Direct-Acting Antiviral Therapy for Treatment of Acute and Recent Hepatitis C Virus Infection: A Narrative Review
- PMID: 37579203
- DOI: 10.1093/cid/ciad344
Direct-Acting Antiviral Therapy for Treatment of Acute and Recent Hepatitis C Virus Infection: A Narrative Review
Abstract
Following the discovery of hepatitis C virus (HCV) in 1989, 3 decades of basic, translational, and clinical research culminated in the development of direct-acting antiviral (DAA) therapy-curative oral treatment for HCV infection. The availability of DAA therapy revolutionized HCV clinical management, including acute (duration of infection <6 mo) and recent (duration of infection <12 mo) infection. Several DAA regimens, including the contemporary pan-genotypic combinations of sofosbuvir-velpatasvir and glecaprevir-pibrentasvir, have been shown to be safe and effective among people with acute and recent HCV infection, highlighting their potential in an HCV controlled human infection model. This article describes the natural history and management of acute and recent HCV infection in the era of DAA therapy and outlines a strategy for use of DAA therapies in the setting of an HCV controlled human infection model.
Keywords: DAA; HCV; HIV; men-who-have-sex-with-men; people who inject drugs.
© The Author(s) 2023. Published by Oxford University Press on behalf of Infectious Diseases Society of America. All rights reserved. For permissions, please e-mail: journals.permissions@oup.com.

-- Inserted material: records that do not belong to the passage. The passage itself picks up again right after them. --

(* Under the standing setup, fix an integer $K>1$. For integers $B>1$ with $\mu_B:=E(\min(Z_1,B))>1$ and $n>K$, define the pruned set $D_n^{(B)}$ as follows: for each $u\in D_{n-K}$ put $\mathcal V_0(u)=\{u\}$ and, for $i=1,\dots,K$, let $\mathcal V_i(u)$ be the set of vertices $(w,j)$ with $w\in\mathcal V_{i-1}(u)$ and $1\le j\le B$ (i.e. the first at most $B$ children, in Ulam–Harris order, of vertices of $\mathcal V_{i-1}(u)$); let $D_n^{(B)}:=\bigcup_{u\in D_{n-K}}\mathcal V_K(u)$. Define $\tilde N_n^{(K,B)}:=\sum_{v\in D_n^{(B)}}\sum_{e\in I_v^K}\delta_{b_n^{-1}X_e}$ and $\tilde N_n^{(K)}:=\sum_{|v|=n}\sum_{e\in I_v^K}\delta_{b_n^{-1}X_e}$. Then for every $\epsilon>0$, $$\lim_{B\to\infty}\limsup_{n\to\infty}P^*\big(\rho(\tilde N_n^{(K)},\tilde N_n^{(K,B)})>\epsilon\big)=0.$$
   Context: Standing setup. Let $\{Z_i\}_{i\ge0}$ be a Galton–Watson process with $Z_0\equiv1$ and offspring variable $Z_1$ with mean $\mu:=E(Z_1)\in(1,\infty)$, satisfying $E(Z_1\log^+Z_1)<\infty$, with genealogical tree rooted at $o$, vertices labelled in Ulam–Harris fashion (the children of vertex $w$ are $(w,1),(w,2),\dots$). For a vertex $v$, $|v|$ is its generation and $I_v$ the set of edges of the path from $o$ to $v$; each edge is identified with its endpoint farther from the root and belongs to generation $m$ if that endpoint has generation $m$; $D_m$ is the set of generation-$m$ vertices. For $|v|=n>K$, $I_v^K$ is the set of edges of $I_v$ in generations $n-K+1,\dots,n$. Independently of the tree, attach i.i.d. real random variables $X_e$ to the edges with $P(|X_e|>x)=x^{-\alpha}L(x)$ ($\alpha>0$, $L$ slowly varying) and $P(X_e>x)/P(|X_e|>x)\to p$, $P(X_e<-x)/P(|X_e|>x)\to q$, $p,q\ge0$, $p+q=1$. Let $b_n>0$ satisfy $\mu^nP(b_n^{-1}X_e\in\cdot)\to\nu_\alpha$ vaguely on $\mathbb E:=[-\infty,\infty]\setminus\{0\}$, with $\nu_\alpha(dx)=\alpha px^{-\alpha-1}\mathbf 1_{(0,\infty)}(x)dx+\alpha q(-x)^{-\alpha-1}\mathbf 1_{(-\infty,0)}(x)dx$. $P^*$ denotes conditioning on survival. $\rho$ is a metric on the space $\mathscr M$ of Radon point measures on $\mathbb E$ of the form $\rho(m_1,m_2)=\sum_{i\ge1}2^{-i}\min(|m_1(h_i)-m_2(h_i)|,1)$, where $\{h_i\}$ is a fixed sequence of nonnegative Lipschitz continuous compactly supported functions on $\mathbb E$ chosen so that $\rho$ metrizes the vague topology. *)

theory Defs
  imports "HOL-Probability.Probability"
begin

text \<open>Vertices are lists of positive naturals; the root o is the empty list, and the
children of w are w @ [1], w @ [2], ...  The offspring count of vertex w is xi w omega.
An edge is identified with its endpoint farther from the root (a nonempty list);
the generation of a vertex is its length.\<close>

definition gw_tree :: "(nat list \<Rightarrow> 'a \<Rightarrow> nat) \<Rightarrow> 'a \<Rightarrow> nat list set" where
  "gw_tree xi \<omega> = {v. \<forall>k<length v. 1 \<le> v ! k \<and> v ! k \<le> xi (take k v) \<omega>}"

definition gen :: "(nat list \<Rightarrow> 'a \<Rightarrow> nat) \<Rightarrow> 'a \<Rightarrow> nat \<Rightarrow> nat list set" where
  "gen xi \<omega> m = {v \<in> gw_tree xi \<omega>. length v = m}"

definition survives :: "(nat list \<Rightarrow> 'a \<Rightarrow> nat) \<Rightarrow> 'a \<Rightarrow> bool" where
  "survives xi \<omega> \<longleftrightarrow> (\<forall>m. gen xi \<omega> m \<noteq> {})"

definition Pstar :: "'a measure \<Rightarrow> (nat list \<Rightarrow> 'a \<Rightarrow> nat) \<Rightarrow> 'a set \<Rightarrow> real" where
  "Pstar M xi A = measure M (A \<inter> {\<omega> \<in> space M. survives xi \<omega>})
                  / measure M {\<omega> \<in> space M. survives xi \<omega>}"

fun prunedV :: "(nat list \<Rightarrow> 'a \<Rightarrow> nat) \<Rightarrow> nat \<Rightarrow> 'a \<Rightarrow> nat list \<Rightarrow> nat \<Rightarrow> nat list set" where
  "prunedV xi B \<omega> u 0 = {u}"
| "prunedV xi B \<omega> u (Suc i) =
     {w @ [j] | w j. w \<in> prunedV xi B \<omega> u i \<and> 1 \<le> j \<and> j \<le> B \<and> j \<le> xi w \<omega>}"

definition pruned_gen :: "(nat list \<Rightarrow> 'a \<Rightarrow> nat) \<Rightarrow> nat \<Rightarrow> nat \<Rightarrow> 'a \<Rightarrow> nat \<Rightarrow> nat list set" where
  "pruned_gen xi B K \<omega> n = (\<Union>u \<in> gen xi \<omega> (n - K). prunedV xi B \<omega> u K)"

text \<open>A point measure on E is represented by its multiplicity function c (c x = mass at x);
it is Radon iff every compact subset of E, i.e. every closed set contained in some
{x. delta <= |x|}, carries finitely many atoms.\<close>
definition radon_pm :: "(ereal \<Rightarrow> nat) \<Rightarrow> bool" where
  "radon_pm c \<longleftrightarrow> c 0 = 0 \<and> (\<forall>\<delta>>0. finite {x. c x \<noteq> 0 \<and> ereal \<delta> \<le> \<bar>x\<bar>})"

text \<open>The point measure sum_{i in I} delta_{g i} on E (atoms at 0 are not in E and are dropped).\<close>
definition pt_measure :: "'i set \<Rightarrow> ('i \<Rightarrow> real) \<Rightarrow> ereal \<Rightarrow> nat" where
  "pt_measure I g x = (if x = 0 then 0 else card {i \<in> I. ereal (g i) = x})"

definition pm_int :: "(ereal \<Rightarrow> nat) \<Rightarrow> (ereal \<Rightarrow> real) \<Rightarrow> real" where
  "pm_int c f = (\<Sum>x \<in> {x. c x \<noteq> 0 \<and> f x \<noteq> 0}. real (c x) * f x)"

text \<open>Continuous functions with compact support in E (support avoids a neighbourhood of 0).\<close>
definition CK :: "(ereal \<Rightarrow> real) \<Rightarrow> bool" where
  "CK f \<longleftrightarrow> continuous_on UNIV f \<and> (\<exists>\<delta>>0. \<forall>x. \<bar>x\<bar> < ereal \<delta> \<longrightarrow> f x = 0)"

definition CK_plus :: "(ereal \<Rightarrow> real) \<Rightarrow> bool" where
  "CK_plus f \<longleftrightarrow> CK f \<and> (\<forall>x. 0 \<le> f x)"

definition lipschitz_E :: "(ereal \<Rightarrow> real) \<Rightarrow> bool" where
  "lipschitz_E f \<longleftrightarrow> (\<exists>L. \<forall>x y::real. \<bar>f (ereal x) - f (ereal y)\<bar> \<le> L * \<bar>x - y\<bar>)"

text \<open>rho(m1,m2) = sum_{i>=1} 2^{-i} min(|m1(h_i) - m2(h_i)|, 1), indexed from 0 here.\<close>
definition rho :: "(nat \<Rightarrow> ereal \<Rightarrow> real) \<Rightarrow> (ereal \<Rightarrow> nat) \<Rightarrow> (ereal \<Rightarrow> nat) \<Rightarrow> real" where
  "rho h m1 m2 = (\<Sum>i. (1/2) ^ Suc i * min \<bar>pm_int m1 (h i) - pm_int m2 (h i)\<bar> 1)"

definition metrizes_vague :: "(nat \<Rightarrow> ereal \<Rightarrow> real) \<Rightarrow> bool" where
  "metrizes_vague h \<longleftrightarrow>
     (\<forall>ms m. radon_pm m \<and> (\<forall>k. radon_pm (ms k)) \<longrightarrow>
        ((\<lambda>k. rho h (ms k) m) \<longlonglongrightarrow> 0) \<longleftrightarrow>
        (\<forall>f. CK_plus f \<longrightarrow> (\<lambda>k. pm_int (ms k) f) \<longlonglongrightarrow> pm_int m f))"

definition slowly_varying :: "(real \<Rightarrow> real) \<Rightarrow> bool" where
  "slowly_varying L \<longleftrightarrow> (\<forall>\<^sub>F x in at_top. L x > 0) \<and>
     (\<forall>c>0. ((\<lambda>x. L (c * x) / L x) \<longlongrightarrow> 1) at_top)"

text \<open>nu_alpha(f) for f on E; nu_alpha puts no mass on +-oo.\<close>
definition nu_int :: "real \<Rightarrow> real \<Rightarrow> real \<Rightarrow> (ereal \<Rightarrow> real) \<Rightarrow> real" where
  "nu_int \<alpha> p q f =
     (LINT x:{0<..}|lborel. f (ereal x) * (\<alpha> * p * x powr (- \<alpha> - 1)))
   + (LINT x:{..<0}|lborel. f (ereal x) * (\<alpha> * q * (- x) powr (- \<alpha> - 1)))"

text \<open>tilde N_n^{(K)}: sum over |v| = n and edges e of I_v^K (e = take k v, n-K < k <= n).\<close>
definition NK :: "(nat list \<Rightarrow> 'a \<Rightarrow> nat) \<Rightarrow> (nat list \<Rightarrow> 'a \<Rightarrow> real) \<Rightarrow> (nat \<Rightarrow> real)
                  \<Rightarrow> nat \<Rightarrow> nat \<Rightarrow> 'a \<Rightarrow> ereal \<Rightarrow> nat" where
  "NK xi X b K n \<omega> = pt_measure {(v, k). v \<in> gen xi \<omega> n \<and> n - K < k \<and> k \<le> n}
                        (\<lambda>(v, k). X (take k v) \<omega> / b n)"

definition NKB :: "(nat list \<Rightarrow> 'a \<Rightarrow> nat) \<Rightarrow> (nat list \<Rightarrow> 'a \<Rightarrow> real) \<Rightarrow> (nat \<Rightarrow> real)
                  \<Rightarrow> nat \<Rightarrow> nat \<Rightarrow> nat \<Rightarrow> 'a \<Rightarrow> ereal \<Rightarrow> nat" where
  "NKB xi X b K B n \<omega> = pt_measure {(v, k). v \<in> pruned_gen xi B K \<omega> n \<and> n - K < k \<and> k \<le> n}
                        (\<lambda>(v, k). X (take k v) \<omega> / b n)"

end

theory Submission
  imports Defs
begin

text \<open>Only finitely many test functions \<open>h\<^sub>0, \<dots>, h\<^sub>N\<^sub>-\<^sub>1\<close> matter up to \<open>2\<^sup>-\<^sup>N\<close> in \<open>\<rho>\<close>, and
they all vanish on some neighbourhood \<open>|x| < \<delta>\<close> of 0. So the two point processes are
\<open>2\<^sup>-\<^sup>N\<close>-close unless some generation-\<open>n\<close> vertex removed by the pruning, i.e. one with a
label \<open>> B\<close> among its last \<open>K\<close> labels, carries an edge variable \<open>|X\<^sub>e| \<ge> \<delta> b\<^sub>n\<close> on its
last \<open>K\<close> edges. By independence, the expected number of such (vertex, edge) pairs is at
most \<open>K\<^sup>2 \<mu>\<^sup>n\<^sup>-\<^sup>1 (\<Sum>\<^sub>j\<^sub>>\<^sub>B P(Z\<^sub>1 \<ge> j)) P(|X| \<ge> \<delta> b\<^sub>n)\<close>. Vague convergence keeps
\<open>\<mu>\<^sup>n P(|X| \<ge> \<delta> b\<^sub>n)\<close> bounded, and \<open>\<Sum>\<^sub>j\<^sub>>\<^sub>B P(Z\<^sub>1 \<ge> j) \<rightarrow> 0\<close> as \<open>B \<rightarrow> \<infinity>\<close> since \<open>E Z\<^sub>1 < \<infinity>\<close>.\<close>

section \<open>Generations and pruned generations\<close>

lemma gw_tree_iff: "v \<in> gw_tree xi \<omega> \<longleftrightarrow> (\<forall>k<length v. 1 \<le> v!k \<and> v!k \<le> xi (take k v) \<omega>)"
  by (simp add: gw_tree_def)

lemma butlast_snoc_nth: "length v = Suc n \<Longrightarrow> v = butlast v @ [v ! n]"
  by (metis append_butlast_last_id diff_Suc_1 last_conv_nth length_0_conv length_butlast nat.distinct(1))

lemma gen_Suc: "gen xi \<omega> (Suc n) = (\<Union>w\<in>gen xi \<omega> n. (\<lambda>j. w @ [j]) ` {1..xi w \<omega>})"
proof (intro set_eqI iffI)
  fix v assume v: "v \<in> gen xi \<omega> (Suc n)"
  then have len: "length v = Suc n" by (simp add: gen_def)
  have "butlast v \<in> gen xi \<omega> n"
    using v len unfolding gen_def gw_tree_iff by (auto simp: nth_butlast take_butlast)
  moreover have "v!n \<in> {1..xi (butlast v) \<omega>}"
    using v len unfolding gen_def gw_tree_iff by (auto simp: butlast_conv_take)
  ultimately show "v \<in> (\<Union>w\<in>gen xi \<omega> n. (\<lambda>j. w @ [j]) ` {1..xi w \<omega>})"
    using butlast_snoc_nth[OF len] by blast
next
  fix v assume "v \<in> (\<Union>w\<in>gen xi \<omega> n. (\<lambda>j. w @ [j]) ` {1..xi w \<omega>})"
  then obtain w j where "w \<in> gen xi \<omega> n" "1 \<le> j" "j \<le> xi w \<omega>" "v = w @ [j]" by auto
  then show "v \<in> gen xi \<omega> (Suc n)"
    unfolding gen_def gw_tree_iff by (auto simp: nth_append less_Suc_eq)
qed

Conflict of interest statement
Potential conflicts of interest. M. M. and G. V. M. are supported by the Australian National Health and Medical Research Council (NHMRC). M. M. reports salary support from the Australian NHMRC Early Career Fellowship. S. N. reports research funding from Gilead and AbbVie; consulting fees from Pardse Biosciences and Silverback; participation in a Data and Safety Monitoring Board (DSMB) with Vir Biotechnology; and stocks with Vir Biotechnology. J. K. R. reports consulting fees from Boehringer and speaker payments from Gilead, Janssen, Merck, and ViiV; DSMB participation with Abivax and Galapagos; and participation on the European AIDS Clinical Society (EACS) Governing Board. G. V. M. reports research funding, advisory board payments, and speaker payments from Gilead, Janssen, AstraZeneca, AbbVie, and ViiV, and research funding and speaker payments from Janssen. All authors have submitted the ICMJE Form for Disclosure of Potential Conflicts of Interest. Conflicts that the editors consider relevant to the content of the manuscript have been disclosed.